Reproduce the entries shown below only from the line with "2 * lam f 2 1)" down to the line with "using lam33_nonzero by simp", keeping both end lines and copying each one exactly.

*** Block opens ***

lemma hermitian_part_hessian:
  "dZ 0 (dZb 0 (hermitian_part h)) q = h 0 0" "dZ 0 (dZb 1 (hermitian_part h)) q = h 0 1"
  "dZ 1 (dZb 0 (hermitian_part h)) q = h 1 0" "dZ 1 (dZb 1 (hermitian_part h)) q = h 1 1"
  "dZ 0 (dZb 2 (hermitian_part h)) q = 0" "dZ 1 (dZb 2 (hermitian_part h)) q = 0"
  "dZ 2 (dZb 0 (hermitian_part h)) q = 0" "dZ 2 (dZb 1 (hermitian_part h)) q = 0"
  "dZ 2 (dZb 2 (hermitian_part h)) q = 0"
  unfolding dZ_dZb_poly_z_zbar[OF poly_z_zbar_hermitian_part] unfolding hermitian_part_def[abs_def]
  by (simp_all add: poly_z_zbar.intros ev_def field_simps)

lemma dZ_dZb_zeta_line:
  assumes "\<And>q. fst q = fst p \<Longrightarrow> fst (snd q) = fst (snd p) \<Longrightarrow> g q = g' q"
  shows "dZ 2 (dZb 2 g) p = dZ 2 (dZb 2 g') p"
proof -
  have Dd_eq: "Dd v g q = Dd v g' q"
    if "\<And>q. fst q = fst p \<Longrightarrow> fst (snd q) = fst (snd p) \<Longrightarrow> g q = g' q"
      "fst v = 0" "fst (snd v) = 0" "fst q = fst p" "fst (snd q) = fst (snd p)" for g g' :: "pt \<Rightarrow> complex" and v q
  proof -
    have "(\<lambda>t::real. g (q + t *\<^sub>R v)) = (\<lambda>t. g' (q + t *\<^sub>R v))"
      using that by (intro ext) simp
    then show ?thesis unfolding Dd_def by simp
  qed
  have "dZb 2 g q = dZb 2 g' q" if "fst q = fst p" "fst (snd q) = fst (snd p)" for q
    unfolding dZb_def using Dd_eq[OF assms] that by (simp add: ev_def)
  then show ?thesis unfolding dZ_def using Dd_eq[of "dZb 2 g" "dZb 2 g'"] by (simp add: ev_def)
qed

*** Block closes ***
*** Block opens ***

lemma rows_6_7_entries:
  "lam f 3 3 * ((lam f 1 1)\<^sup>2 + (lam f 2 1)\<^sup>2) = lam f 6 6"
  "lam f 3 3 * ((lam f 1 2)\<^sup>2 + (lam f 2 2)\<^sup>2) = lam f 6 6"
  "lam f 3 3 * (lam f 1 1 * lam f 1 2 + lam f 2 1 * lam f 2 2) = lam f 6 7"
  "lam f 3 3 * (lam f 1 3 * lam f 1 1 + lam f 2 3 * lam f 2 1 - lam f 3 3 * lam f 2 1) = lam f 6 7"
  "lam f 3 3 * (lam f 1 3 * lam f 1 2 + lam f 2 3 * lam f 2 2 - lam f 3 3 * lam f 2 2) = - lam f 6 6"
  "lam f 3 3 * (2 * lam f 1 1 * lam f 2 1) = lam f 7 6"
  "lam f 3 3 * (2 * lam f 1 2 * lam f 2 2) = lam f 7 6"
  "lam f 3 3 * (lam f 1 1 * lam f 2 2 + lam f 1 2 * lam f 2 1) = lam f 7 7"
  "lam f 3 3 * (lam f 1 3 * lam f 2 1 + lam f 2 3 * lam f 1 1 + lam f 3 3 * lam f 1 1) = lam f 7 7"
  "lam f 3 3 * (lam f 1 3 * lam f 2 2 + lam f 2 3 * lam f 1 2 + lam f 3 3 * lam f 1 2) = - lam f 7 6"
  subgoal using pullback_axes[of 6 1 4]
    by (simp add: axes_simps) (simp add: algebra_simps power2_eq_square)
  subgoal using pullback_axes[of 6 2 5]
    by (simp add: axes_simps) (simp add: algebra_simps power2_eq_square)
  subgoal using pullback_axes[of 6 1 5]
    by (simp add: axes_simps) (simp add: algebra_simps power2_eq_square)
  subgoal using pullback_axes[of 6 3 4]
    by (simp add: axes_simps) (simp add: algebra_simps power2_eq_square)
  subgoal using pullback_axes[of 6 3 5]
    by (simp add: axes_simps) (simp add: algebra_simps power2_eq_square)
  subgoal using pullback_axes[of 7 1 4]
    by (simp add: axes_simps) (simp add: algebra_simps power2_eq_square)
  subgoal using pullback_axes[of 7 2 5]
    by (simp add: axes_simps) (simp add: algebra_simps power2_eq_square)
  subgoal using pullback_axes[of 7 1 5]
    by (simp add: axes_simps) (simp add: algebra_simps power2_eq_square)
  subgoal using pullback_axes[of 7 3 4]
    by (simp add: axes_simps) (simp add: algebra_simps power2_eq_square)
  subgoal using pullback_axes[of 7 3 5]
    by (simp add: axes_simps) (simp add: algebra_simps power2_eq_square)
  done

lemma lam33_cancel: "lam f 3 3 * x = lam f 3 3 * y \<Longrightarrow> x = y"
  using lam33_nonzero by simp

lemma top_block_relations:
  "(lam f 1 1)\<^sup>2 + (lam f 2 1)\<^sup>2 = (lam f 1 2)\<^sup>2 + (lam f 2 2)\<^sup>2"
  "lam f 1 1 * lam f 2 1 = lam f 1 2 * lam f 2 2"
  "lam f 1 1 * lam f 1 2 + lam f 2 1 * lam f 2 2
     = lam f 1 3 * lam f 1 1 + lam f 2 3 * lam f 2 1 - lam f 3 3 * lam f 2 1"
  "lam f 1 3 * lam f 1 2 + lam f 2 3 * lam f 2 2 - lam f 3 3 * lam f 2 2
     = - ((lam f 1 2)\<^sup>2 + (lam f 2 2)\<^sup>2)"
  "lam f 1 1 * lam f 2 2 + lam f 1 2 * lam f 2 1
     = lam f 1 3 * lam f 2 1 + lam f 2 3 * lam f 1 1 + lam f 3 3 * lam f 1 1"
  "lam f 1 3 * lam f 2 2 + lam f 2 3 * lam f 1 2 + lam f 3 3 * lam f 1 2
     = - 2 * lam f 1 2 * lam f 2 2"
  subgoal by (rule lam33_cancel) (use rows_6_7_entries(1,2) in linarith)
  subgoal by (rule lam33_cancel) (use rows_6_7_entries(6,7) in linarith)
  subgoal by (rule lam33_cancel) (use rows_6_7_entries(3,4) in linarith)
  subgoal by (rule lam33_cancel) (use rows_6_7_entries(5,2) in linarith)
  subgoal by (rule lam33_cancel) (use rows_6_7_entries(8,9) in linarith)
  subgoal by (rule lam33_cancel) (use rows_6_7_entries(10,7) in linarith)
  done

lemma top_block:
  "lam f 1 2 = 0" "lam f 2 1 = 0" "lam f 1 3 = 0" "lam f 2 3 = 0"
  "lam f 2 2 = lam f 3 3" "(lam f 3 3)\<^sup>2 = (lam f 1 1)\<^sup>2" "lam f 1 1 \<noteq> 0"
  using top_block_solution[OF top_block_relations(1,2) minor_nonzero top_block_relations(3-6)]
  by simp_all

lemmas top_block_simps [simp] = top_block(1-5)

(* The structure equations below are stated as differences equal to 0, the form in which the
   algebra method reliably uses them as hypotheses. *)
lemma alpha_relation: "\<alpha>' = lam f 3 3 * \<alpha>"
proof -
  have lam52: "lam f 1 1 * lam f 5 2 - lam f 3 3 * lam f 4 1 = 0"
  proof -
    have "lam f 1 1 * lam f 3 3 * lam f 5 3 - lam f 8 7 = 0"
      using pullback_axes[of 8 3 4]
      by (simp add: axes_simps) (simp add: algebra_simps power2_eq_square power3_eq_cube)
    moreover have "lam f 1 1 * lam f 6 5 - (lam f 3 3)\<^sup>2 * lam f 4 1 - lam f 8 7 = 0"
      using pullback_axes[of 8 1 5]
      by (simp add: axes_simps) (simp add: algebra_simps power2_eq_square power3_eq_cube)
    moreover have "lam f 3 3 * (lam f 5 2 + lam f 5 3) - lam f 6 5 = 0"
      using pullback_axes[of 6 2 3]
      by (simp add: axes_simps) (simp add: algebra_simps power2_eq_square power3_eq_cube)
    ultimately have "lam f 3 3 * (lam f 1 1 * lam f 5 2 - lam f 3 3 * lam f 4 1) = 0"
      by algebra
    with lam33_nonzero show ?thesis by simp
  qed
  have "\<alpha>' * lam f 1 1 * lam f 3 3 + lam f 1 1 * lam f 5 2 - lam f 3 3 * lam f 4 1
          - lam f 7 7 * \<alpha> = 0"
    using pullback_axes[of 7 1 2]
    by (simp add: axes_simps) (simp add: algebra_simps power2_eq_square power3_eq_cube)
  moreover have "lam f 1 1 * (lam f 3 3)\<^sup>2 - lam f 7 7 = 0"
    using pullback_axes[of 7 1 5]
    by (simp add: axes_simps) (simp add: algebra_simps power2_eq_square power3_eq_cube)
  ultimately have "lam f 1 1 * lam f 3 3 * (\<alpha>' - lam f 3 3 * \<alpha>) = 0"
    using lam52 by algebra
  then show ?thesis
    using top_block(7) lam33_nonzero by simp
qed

*** Block closes ***
*** Block opens ***

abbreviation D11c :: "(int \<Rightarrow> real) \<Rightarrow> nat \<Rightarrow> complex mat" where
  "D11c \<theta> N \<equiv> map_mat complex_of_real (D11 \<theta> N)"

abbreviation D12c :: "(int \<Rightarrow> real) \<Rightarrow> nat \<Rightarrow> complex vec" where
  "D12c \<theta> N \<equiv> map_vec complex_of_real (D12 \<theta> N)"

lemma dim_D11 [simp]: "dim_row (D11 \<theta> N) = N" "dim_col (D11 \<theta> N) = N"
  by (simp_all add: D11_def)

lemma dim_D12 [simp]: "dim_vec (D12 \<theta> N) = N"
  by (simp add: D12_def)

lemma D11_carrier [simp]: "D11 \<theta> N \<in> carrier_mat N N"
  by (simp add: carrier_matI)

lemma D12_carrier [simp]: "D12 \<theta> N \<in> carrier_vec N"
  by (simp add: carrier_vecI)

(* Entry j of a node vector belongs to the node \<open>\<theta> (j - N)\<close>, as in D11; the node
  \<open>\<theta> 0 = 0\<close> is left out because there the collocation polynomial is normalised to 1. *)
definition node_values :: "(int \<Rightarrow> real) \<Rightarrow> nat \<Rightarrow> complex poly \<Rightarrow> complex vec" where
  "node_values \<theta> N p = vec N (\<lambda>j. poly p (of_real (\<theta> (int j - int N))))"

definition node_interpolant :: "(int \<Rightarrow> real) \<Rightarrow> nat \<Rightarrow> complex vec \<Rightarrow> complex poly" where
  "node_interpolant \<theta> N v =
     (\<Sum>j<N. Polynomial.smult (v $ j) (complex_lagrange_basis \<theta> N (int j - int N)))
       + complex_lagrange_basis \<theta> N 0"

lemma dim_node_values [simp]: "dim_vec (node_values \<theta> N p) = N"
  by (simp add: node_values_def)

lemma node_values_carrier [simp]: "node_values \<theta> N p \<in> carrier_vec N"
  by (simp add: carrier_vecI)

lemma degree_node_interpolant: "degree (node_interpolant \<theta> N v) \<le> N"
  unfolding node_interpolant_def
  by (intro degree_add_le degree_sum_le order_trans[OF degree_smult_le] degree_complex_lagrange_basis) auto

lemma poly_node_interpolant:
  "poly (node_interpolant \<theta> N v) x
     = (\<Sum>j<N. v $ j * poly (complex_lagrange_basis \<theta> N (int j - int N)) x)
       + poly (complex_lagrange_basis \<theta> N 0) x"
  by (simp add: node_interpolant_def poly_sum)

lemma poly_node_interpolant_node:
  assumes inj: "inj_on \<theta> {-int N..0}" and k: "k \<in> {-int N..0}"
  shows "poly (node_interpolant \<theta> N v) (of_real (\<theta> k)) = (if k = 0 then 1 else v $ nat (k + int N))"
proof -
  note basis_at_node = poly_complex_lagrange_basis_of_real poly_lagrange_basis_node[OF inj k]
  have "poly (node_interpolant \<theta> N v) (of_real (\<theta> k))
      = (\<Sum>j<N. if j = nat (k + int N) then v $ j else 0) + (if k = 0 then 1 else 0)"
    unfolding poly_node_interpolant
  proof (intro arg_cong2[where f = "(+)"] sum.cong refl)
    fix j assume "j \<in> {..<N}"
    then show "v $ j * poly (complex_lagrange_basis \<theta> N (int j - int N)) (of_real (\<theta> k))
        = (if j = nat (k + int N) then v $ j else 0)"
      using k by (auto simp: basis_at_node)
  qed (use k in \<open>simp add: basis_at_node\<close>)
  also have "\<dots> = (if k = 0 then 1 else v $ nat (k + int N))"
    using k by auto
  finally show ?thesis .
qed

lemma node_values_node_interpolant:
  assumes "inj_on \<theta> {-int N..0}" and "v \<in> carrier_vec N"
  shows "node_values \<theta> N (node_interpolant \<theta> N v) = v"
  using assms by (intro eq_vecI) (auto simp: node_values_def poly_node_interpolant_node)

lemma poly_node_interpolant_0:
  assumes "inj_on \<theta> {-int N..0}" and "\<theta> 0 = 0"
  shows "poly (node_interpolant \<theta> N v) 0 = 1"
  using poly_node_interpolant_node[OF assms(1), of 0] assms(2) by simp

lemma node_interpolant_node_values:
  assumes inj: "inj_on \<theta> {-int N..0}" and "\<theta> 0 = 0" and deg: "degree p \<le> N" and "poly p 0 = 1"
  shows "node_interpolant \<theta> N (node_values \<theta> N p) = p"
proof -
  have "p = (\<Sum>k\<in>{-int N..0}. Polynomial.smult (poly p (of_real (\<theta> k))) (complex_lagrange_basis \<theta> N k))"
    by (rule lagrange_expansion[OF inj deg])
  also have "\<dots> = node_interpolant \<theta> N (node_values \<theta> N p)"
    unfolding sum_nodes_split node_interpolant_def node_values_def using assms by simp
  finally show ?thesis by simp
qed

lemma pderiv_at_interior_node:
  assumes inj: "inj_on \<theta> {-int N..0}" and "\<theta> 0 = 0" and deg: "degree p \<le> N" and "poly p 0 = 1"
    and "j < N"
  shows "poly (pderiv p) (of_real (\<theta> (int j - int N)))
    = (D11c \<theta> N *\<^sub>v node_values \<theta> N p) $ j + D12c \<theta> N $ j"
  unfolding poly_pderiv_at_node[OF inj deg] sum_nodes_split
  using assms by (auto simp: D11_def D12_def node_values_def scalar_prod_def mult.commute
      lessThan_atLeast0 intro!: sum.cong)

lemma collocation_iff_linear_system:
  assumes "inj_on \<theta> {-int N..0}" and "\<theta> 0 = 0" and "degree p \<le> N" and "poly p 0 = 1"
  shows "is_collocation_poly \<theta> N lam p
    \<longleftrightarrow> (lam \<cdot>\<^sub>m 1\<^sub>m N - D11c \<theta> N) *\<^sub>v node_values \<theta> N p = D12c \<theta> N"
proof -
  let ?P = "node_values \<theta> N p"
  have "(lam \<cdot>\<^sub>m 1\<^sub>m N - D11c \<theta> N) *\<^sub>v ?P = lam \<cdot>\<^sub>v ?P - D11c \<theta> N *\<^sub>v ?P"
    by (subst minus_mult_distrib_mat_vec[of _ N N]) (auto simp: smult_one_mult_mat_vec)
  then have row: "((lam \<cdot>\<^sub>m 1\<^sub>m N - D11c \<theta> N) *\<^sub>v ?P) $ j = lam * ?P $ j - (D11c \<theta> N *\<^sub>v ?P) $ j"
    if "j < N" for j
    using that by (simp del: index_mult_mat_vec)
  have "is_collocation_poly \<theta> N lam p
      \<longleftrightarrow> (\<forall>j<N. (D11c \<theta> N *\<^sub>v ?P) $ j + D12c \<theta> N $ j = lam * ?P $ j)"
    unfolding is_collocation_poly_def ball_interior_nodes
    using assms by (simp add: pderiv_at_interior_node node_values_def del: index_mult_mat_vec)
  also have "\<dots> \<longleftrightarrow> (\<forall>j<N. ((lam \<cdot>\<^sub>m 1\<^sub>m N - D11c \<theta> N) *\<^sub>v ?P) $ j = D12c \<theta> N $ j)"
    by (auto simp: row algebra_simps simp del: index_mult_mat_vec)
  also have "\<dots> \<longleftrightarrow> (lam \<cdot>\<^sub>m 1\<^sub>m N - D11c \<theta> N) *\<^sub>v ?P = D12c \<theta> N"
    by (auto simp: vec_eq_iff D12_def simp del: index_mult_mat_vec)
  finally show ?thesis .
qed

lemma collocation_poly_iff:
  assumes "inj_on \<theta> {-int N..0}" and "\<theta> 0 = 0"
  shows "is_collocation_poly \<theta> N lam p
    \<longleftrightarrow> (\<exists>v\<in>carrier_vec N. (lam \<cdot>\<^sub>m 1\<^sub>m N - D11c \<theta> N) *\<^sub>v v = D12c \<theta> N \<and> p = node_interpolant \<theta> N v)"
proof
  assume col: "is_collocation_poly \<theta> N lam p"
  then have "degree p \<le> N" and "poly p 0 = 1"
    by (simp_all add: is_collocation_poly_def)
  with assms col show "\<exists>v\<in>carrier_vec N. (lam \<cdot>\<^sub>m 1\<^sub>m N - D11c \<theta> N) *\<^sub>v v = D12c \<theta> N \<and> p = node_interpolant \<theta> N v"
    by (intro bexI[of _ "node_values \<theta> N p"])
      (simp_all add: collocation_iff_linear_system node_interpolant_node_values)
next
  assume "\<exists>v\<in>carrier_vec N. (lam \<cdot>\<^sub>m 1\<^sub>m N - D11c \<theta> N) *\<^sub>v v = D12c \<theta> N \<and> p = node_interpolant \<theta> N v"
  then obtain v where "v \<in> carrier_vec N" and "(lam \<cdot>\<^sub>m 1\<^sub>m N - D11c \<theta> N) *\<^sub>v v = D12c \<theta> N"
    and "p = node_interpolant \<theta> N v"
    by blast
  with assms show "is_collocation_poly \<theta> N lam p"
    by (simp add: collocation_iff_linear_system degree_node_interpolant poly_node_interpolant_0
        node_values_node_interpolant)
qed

*** Block closes ***

YOUR SOLUTION:
  "lam f 3 3 * (lam f 1 1 * lam f 2 2 + lam f 1 2 * lam f 2 1) = lam f 7 7"
  "lam f 3 3 * (lam f 1 3 * lam f 2 1 + lam f 2 3 * lam f 1 1 + lam f 3 3 * lam f 1 1) = lam f 7 7"
  "lam f 3 3 * (lam f 1 3 * lam f 2 2 + lam f 2 3 * lam f 1 2 + lam f 3 3 * lam f 1 2) = - lam f 7 6"
  subgoal using pullback_axes[of 6 1 4]
    by (simp add: axes_simps) (simp add: algebra_simps power2_eq_square)
  subgoal using pullback_axes[of 6 2 5]
    by (simp add: axes_simps) (simp add: algebra_simps power2_eq_square)
  subgoal using pullback_axes[of 6 1 5]
    by (simp add: axes_simps) (simp add: algebra_simps power2_eq_square)
  subgoal using pullback_axes[of 6 3 4]
    by (simp add: axes_simps) (simp add: algebra_simps power2_eq_square)
  subgoal using pullback_axes[of 6 3 5]
    by (simp add: axes_simps) (simp add: algebra_simps power2_eq_square)
  subgoal using pullback_axes[of 7 1 4]
    by (simp add: axes_simps) (simp add: algebra_simps power2_eq_square)
  subgoal using pullback_axes[of 7 2 5]
    by (simp add: axes_simps) (simp add: algebra_simps power2_eq_square)
  subgoal using pullback_axes[of 7 1 5]
    by (simp add: axes_simps) (simp add: algebra_simps power2_eq_square)
  subgoal using pullback_axes[of 7 3 4]
    by (simp add: axes_simps) (simp add: algebra_simps power2_eq_square)
  subgoal using pullback_axes[of 7 3 5]
    by (simp add: axes_simps) (simp add: algebra_simps power2_eq_square)
  done

lemma lam33_cancel: "lam f 3 3 * x = lam f 3 3 * y \<Longrightarrow> x = y"
  using lam33_nonzero by simp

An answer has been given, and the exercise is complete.